** What you have to do **
From the first line to the last, output the entries exactly.
---+---
(* (1) Let $f,g$ be two packed words (of the same length). Then $f\leq g$ if, and only if, $\mathrm{Std}(f)=\mathrm{Std}(g)$ and $M(f)\subseteq M(g)$. (2) For all $n\geq1$, the map $$\Phi:(\{\text{packed words of length }n\},\leq)\longrightarrow\bigsqcup_{\sigma\in\mathfrak{S}_n}(\{\text{subsets of }M(\sigma)\},\subseteq),\qquad f\longmapsto M(f)\subseteq M(\mathrm{Std}(f)),$$ is an isomorphism of posets (the target being the disjoint union of the posets of subsets of $M(\sigma)$ ordered by inclusion, with elements in different components incomparable). Hence the poset of packed words of length $n$ is a disjoint union, indexed by $\sigma\in\mathfrak{S}_n$, of posets isomorphic to the Boolean lattices of subsets of $M(\sigma)$.
   Context: $[n]=\{1,\ldots,n\}$. A packed word of length $n$ is a word $f=f(1)\ldots f(n)$ of positive integers with $\{f(1),\ldots,f(n)\}=[\max f]$; permutations of $[n]$ are the packed words of length $n$ with distinct letters, $\mathfrak{S}_n$ their set. For packed words $f,g$ of length $n$, $g\leq f$ means: for all $i,j\in[n]$, $f(i)\leq f(j)\Rightarrow g(i)\leq g(j)$; $f(i)>f(j)$ and $i<j\Rightarrow g(i)>g(j)$; $f(i)=f(j)\Rightarrow g(i)=g(j)$. The standardization $\mathrm{Std}(f)$ of a packed word $f$ of length $n$ is the unique $\sigma\in\mathfrak{S}_n$ such that for all $i,j$: $f(i)<f(j)\Rightarrow\sigma(i)<\sigma(j)$, and ($f(i)=f(j)$ and $i<j$) $\Rightarrow\sigma(i)<\sigma(j)$. For a packed word $f$ of length $n$, $M(f)$ is the set of $i\in[n]$ such that: $f(i)<\max f$; for all $j\in[n]$, $f(j)=f(i)\Rightarrow j\leq i$; and for all $j\in[n]$, $f(j)=f(i)+1\Rightarrow j>i$. *)

theory Defs
  imports Main
begin

text \<open>Words are lists of naturals; letters are addressed 1-based: position i of f,
  for i in {1..length f}, is f ! (i - 1).\<close>

definition at :: "nat list \<Rightarrow> nat \<Rightarrow> nat" where
  "at f i = f ! (i - 1)"

definition maxw :: "nat list \<Rightarrow> nat" where
  "maxw f = Max (insert 0 (set f))"

definition packed :: "nat list \<Rightarrow> bool" where
  "packed f \<longleftrightarrow> set f = {1..maxw f}"

definition packed_words :: "nat \<Rightarrow> nat list set" where
  "packed_words n = {f. packed f \<and> length f = n}"

definition perms :: "nat \<Rightarrow> nat list set" where
  "perms n = {f. packed f \<and> length f = n \<and> distinct f}"

text \<open>pw_le g f means g \<le> f.\<close>
definition pw_le :: "nat list \<Rightarrow> nat list \<Rightarrow> bool" where
  "pw_le g f \<longleftrightarrow> length g = length f \<and>
     (\<forall>i\<in>{1..length f}. \<forall>j\<in>{1..length f}.
        (at f i \<le> at f j \<longrightarrow> at g i \<le> at g j) \<and>
        (at f i > at f j \<and> i < j \<longrightarrow> at g i > at g j) \<and>
        (at f i = at f j \<longrightarrow> at g i = at g j))"

definition Std :: "nat list \<Rightarrow> nat list" where
  "Std f = (THE \<sigma>. \<sigma> \<in> perms (length f) \<and>
     (\<forall>i\<in>{1..length f}. \<forall>j\<in>{1..length f}.
        (at f i < at f j \<longrightarrow> at \<sigma> i < at \<sigma> j) \<and>
        (at f i = at f j \<and> i < j \<longrightarrow> at \<sigma> i < at \<sigma> j)))"

definition M :: "nat list \<Rightarrow> nat set" where
  "M f = {i\<in>{1..length f}. at f i < maxw f \<and>
     (\<forall>j\<in>{1..length f}. at f j = at f i \<longrightarrow> j \<le> i) \<and>
     (\<forall>j\<in>{1..length f}. at f j = at f i + 1 \<longrightarrow> j > i)}"

text \<open>Target poset: disjoint union over \<sigma> of subsets of M \<sigma>, as pairs (\<sigma>, S);
  (\<sigma>,S) \<le> (\<tau>,T) iff \<sigma> = \<tau> and S \<subseteq> T.\<close>
definition boolean_union :: "nat \<Rightarrow> (nat list \<times> nat set) set" where
  "boolean_union n = {(\<sigma>, S). \<sigma> \<in> perms n \<and> S \<subseteq> M \<sigma>}"
definition reduces_to :: "real \<Rightarrow> real \<Rightarrow> ('a \<Rightarrow> real) \<Rightarrow> 'a set \<Rightarrow> 'a set \<Rightarrow> bool" where
  "reduces_to \<delta> \<kappa> w S M \<longleftrightarrow> M \<subseteq> S \<and> balanced (\<delta>\<^sup>2) w M \<and> \<delta> * wavg w S \<le> wavg w M \<and>
     (\<forall>x\<ge>\<kappa>. \<delta> powr x * real (card S) * wavg w S powr x \<le> real (card M) * wavg w M powr x)"

lemma davg_eq_wavg: "davg E R S = wavg (bdeg E R) S"
  by (simp add: davg_def wavg_def)

lemma reduced_iff_balanced: "reduced c E U R \<longleftrightarrow> balanced c (bdeg E R) U"
  by (simp add: reduced_def balanced_def davg_eq_wavg)

lemma card_mult_wavg_powr:
  assumes "0 \<le> sum w S"
  shows "real (card S) * wavg w S powr x = real (card S) powr (1 - x) * sum w S powr x"
proof (cases "card S = 0")
  case False
  then show ?thesis
    using assms by (simp add: wavg_def powr_divide powr_diff)
qed simp

lemma powr_mass_mono:
  fixes m n e e' x :: real
  assumes "1 \<le> x" "0 < m" "m \<le> n" "0 \<le> e" "e \<le> e'"
  shows "n powr (1 - x) * e powr x \<le> m powr (1 - x) * e' powr x"
proof (rule mult_mono)
  show "n powr (1 - x) \<le> m powr (1 - x)"
    using assms by (intro powr_mono2') auto
  show "e powr x \<le> e' powr x"
    using assms by (intro powr_mono2) auto
qed auto

lemma powr_mass_concentrated:
  fixes m n e e' \<delta> \<kappa> x :: real
  assumes "0 < \<delta>" "\<delta> < 1" "1 < \<kappa>" "\<kappa> \<le> x"
    and "0 < m" "m \<le> \<delta> * n" "0 \<le> e" "\<delta> powr (1 - 1/\<kappa>) * e \<le> e'"
  shows "n powr (1 - x) * e powr x \<le> m powr (1 - x) * e' powr x"
proof -
  have "0 < n"
    using assms by (smt (verit) mult_nonneg_nonpos)
  have gain: "1 \<le> \<delta> powr (1 - x/\<kappa>)"
  proof -
    have "\<delta> powr (1 - x/\<kappa>) = (1/\<delta>) powr (x/\<kappa> - 1)"
      using assms by (simp add: powr_divide powr_minus_divide powr_diff)
    also have "1 \<le> \<dots>"
      using assms by (intro ge_one_powr_ge_zero) auto
    finally show ?thesis .
  qed
  have "n powr (1 - x) * e powr x \<le> \<delta> powr (1 - x/\<kappa>) * (n powr (1 - x) * e powr x)"
    using mult_right_mono[OF gain, of "n powr (1 - x) * e powr x"] by simp
  also have "\<dots> = (\<delta> * n) powr (1 - x) * (\<delta> powr (1 - 1/\<kappa>) * e) powr x"
    using assms \<open>0 < n\<close>
    by (simp add: powr_mult powr_powr powr_add[symmetric] algebra_simps diff_divide_distrib)
  also have "\<dots> \<le> m powr (1 - x) * e' powr x"
    using assms by (intro powr_mass_mono) auto
  finally show ?thesis .
qed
---+---
** Result **
(* (1) Let $f,g$ be two packed words (of the same length). Then $f\leq g$ if, and only if, $\mathrm{Std}(f)=\mathrm{Std}(g)$ and $M(f)\subseteq M(g)$. (2) For all $n\geq1$, the map $$\Phi:(\{\text{packed words of length }n\},\leq)\longrightarrow\bigsqcup_{\sigma\in\mathfrak{S}_n}(\{\text{subsets of }M(\sigma)\},\subseteq),\qquad f\longmapsto M(f)\subseteq M(\mathrm{Std}(f)),$$ is an isomorphism of posets (the target being the disjoint union of the posets of subsets of $M(\sigma)$ ordered by inclusion, with elements in different components incomparable). Hence the poset of packed words of length $n$ is a disjoint union, indexed by $\sigma\in\mathfrak{S}_n$, of posets isomorphic to the Boolean lattices of subsets of $M(\sigma)$.
   Context: $[n]=\{1,\ldots,n\}$. A packed word of length $n$ is a word $f=f(1)\ldots f(n)$ of positive integers with $\{f(1),\ldots,f(n)\}=[\max f]$; permutations of $[n]$ are the packed words of length $n$ with distinct letters, $\mathfrak{S}_n$ their set. For packed words $f,g$ of length $n$, $g\leq f$ means: for all $i,j\in[n]$, $f(i)\leq f(j)\Rightarrow g(i)\leq g(j)$; $f(i)>f(j)$ and $i<j\Rightarrow g(i)>g(j)$; $f(i)=f(j)\Rightarrow g(i)=g(j)$. The standardization $\mathrm{Std}(f)$ of a packed word $f$ of length $n$ is the unique $\sigma\in\mathfrak{S}_n$ such that for all $i,j$: $f(i)<f(j)\Rightarrow\sigma(i)<\sigma(j)$, and ($f(i)=f(j)$ and $i<j$) $\Rightarrow\sigma(i)<\sigma(j)$. For a packed word $f$ of length $n$, $M(f)$ is the set of $i\in[n]$ such that: $f(i)<\max f$; for all $j\in[n]$, $f(j)=f(i)\Rightarrow j\leq i$; and for all $j\in[n]$, $f(j)=f(i)+1\Rightarrow j>i$. *)

theory Defs
  imports Main
begin

text \<open>Words are lists of naturals; letters are addressed 1-based: position i of f,
  for i in {1..length f}, is f ! (i - 1).\<close>

definition at :: "nat list \<Rightarrow> nat \<Rightarrow> nat" where
  "at f i = f ! (i - 1)"

definition maxw :: "nat list \<Rightarrow> nat" where
  "maxw f = Max (insert 0 (set f))"

definition packed :: "nat list \<Rightarrow> bool" where
  "packed f \<longleftrightarrow> set f = {1..maxw f}"

definition packed_words :: "nat \<Rightarrow> nat list set" where
  "packed_words n = {f. packed f \<and> length f = n}"

definition perms :: "nat \<Rightarrow> nat list set" where
  "perms n = {f. packed f \<and> length f = n \<and> distinct f}"

text \<open>pw_le g f means g \<le> f.\<close>
definition pw_le :: "nat list \<Rightarrow> nat list \<Rightarrow> bool" where
  "pw_le g f \<longleftrightarrow> length g = length f \<and>
     (\<forall>i\<in>{1..length f}. \<forall>j\<in>{1..length f}.
        (at f i \<le> at f j \<longrightarrow> at g i \<le> at g j) \<and>
        (at f i > at f j \<and> i < j \<longrightarrow> at g i > at g j) \<and>
        (at f i = at f j \<longrightarrow> at g i = at g j))"

definition Std :: "nat list \<Rightarrow> nat list" where
  "Std f = (THE \<sigma>. \<sigma> \<in> perms (length f) \<and>
     (\<forall>i\<in>{1..length f}. \<forall>j\<in>{1..length f}.
        (at f i < at f j \<longrightarrow> at \<sigma> i < at \<sigma> j) \<and>
        (at f i = at f j \<and> i < j \<longrightarrow> at \<sigma> i < at \<sigma> j)))"

definition M :: "nat list \<Rightarrow> nat set" where
  "M f = {i\<in>{1..length f}. at f i < maxw f \<and>
     (\<forall>j\<in>{1..length f}. at f j = at f i \<longrightarrow> j \<le> i) \<and>
     (\<forall>j\<in>{1..length f}. at f j = at f i + 1 \<longrightarrow> j > i)}"

text \<open>Target poset: disjoint union over \<sigma> of subsets of M \<sigma>, as pairs (\<sigma>, S);
  (\<sigma>,S) \<le> (\<tau>,T) iff \<sigma> = \<tau> and S \<subseteq> T.\<close>
definition boolean_union :: "nat \<Rightarrow> (nat list \<times> nat set) set" where
  "boolean_union n = {(\<sigma>, S). \<sigma> \<in> perms n \<and> S \<subseteq> M \<sigma>}"
definition reduces_to :: "real \<Rightarrow> real \<Rightarrow> ('a \<Rightarrow> real) \<Rightarrow> 'a set \<Rightarrow> 'a set \<Rightarrow> bool" where
  "reduces_to \<delta> \<kappa> w S M \<longleftrightarrow> M \<subseteq> S \<and> balanced (\<delta>\<^sup>2) w M \<and> \<delta> * wavg w S \<le> wavg w M \<and>
     (\<forall>x\<ge>\<kappa>. \<delta> powr x * real (card S) * wavg w S powr x \<le> real (card M) * wavg w M powr x)"

lemma davg_eq_wavg: "davg E R S = wavg (bdeg E R) S"
  by (simp add: davg_def wavg_def)

lemma reduced_iff_balanced: "reduced c E U R \<longleftrightarrow> balanced c (bdeg E R) U"
  by (simp add: reduced_def balanced_def davg_eq_wavg)

lemma card_mult_wavg_powr:
  assumes "0 \<le> sum w S"
  shows "real (card S) * wavg w S powr x = real (card S) powr (1 - x) * sum w S powr x"
proof (cases "card S = 0")
  case False
  then show ?thesis
    using assms by (simp add: wavg_def powr_divide powr_diff)
qed simp

lemma powr_mass_mono:
  fixes m n e e' x :: real
  assumes "1 \<le> x" "0 < m" "m \<le> n" "0 \<le> e" "e \<le> e'"
  shows "n powr (1 - x) * e powr x \<le> m powr (1 - x) * e' powr x"
proof (rule mult_mono)
  show "n powr (1 - x) \<le> m powr (1 - x)"
    using assms by (intro powr_mono2') auto
  show "e powr x \<le> e' powr x"
    using assms by (intro powr_mono2) auto
qed auto

lemma powr_mass_concentrated:
  fixes m n e e' \<delta> \<kappa> x :: real
  assumes "0 < \<delta>" "\<delta> < 1" "1 < \<kappa>" "\<kappa> \<le> x"
    and "0 < m" "m \<le> \<delta> * n" "0 \<le> e" "\<delta> powr (1 - 1/\<kappa>) * e \<le> e'"
  shows "n powr (1 - x) * e powr x \<le> m powr (1 - x) * e' powr x"
proof -
  have "0 < n"
    using assms by (smt (verit) mult_nonneg_nonpos)
  have gain: "1 \<le> \<delta> powr (1 - x/\<kappa>)"
  proof -
    have "\<delta> powr (1 - x/\<kappa>) = (1/\<delta>) powr (x/\<kappa> - 1)"
      using assms by (simp add: powr_divide powr_minus_divide powr_diff)
    also have "1 \<le> \<dots>"
      using assms by (intro ge_one_powr_ge_zero) auto
    finally show ?thesis .
  qed
  have "n powr (1 - x) * e powr x \<le> \<delta> powr (1 - x/\<kappa>) * (n powr (1 - x) * e powr x)"
    using mult_right_mono[OF gain, of "n powr (1 - x) * e powr x"] by simp
  also have "\<dots> = (\<delta> * n) powr (1 - x) * (\<delta> powr (1 - 1/\<kappa>) * e) powr x"
    using assms \<open>0 < n\<close>
    by (simp add: powr_mult powr_powr powr_add[symmetric] algebra_simps diff_divide_distrib)
  also have "\<dots> \<le> m powr (1 - x) * e' powr x"
    using assms by (intro powr_mass_mono) auto
  finally show ?thesis .
qed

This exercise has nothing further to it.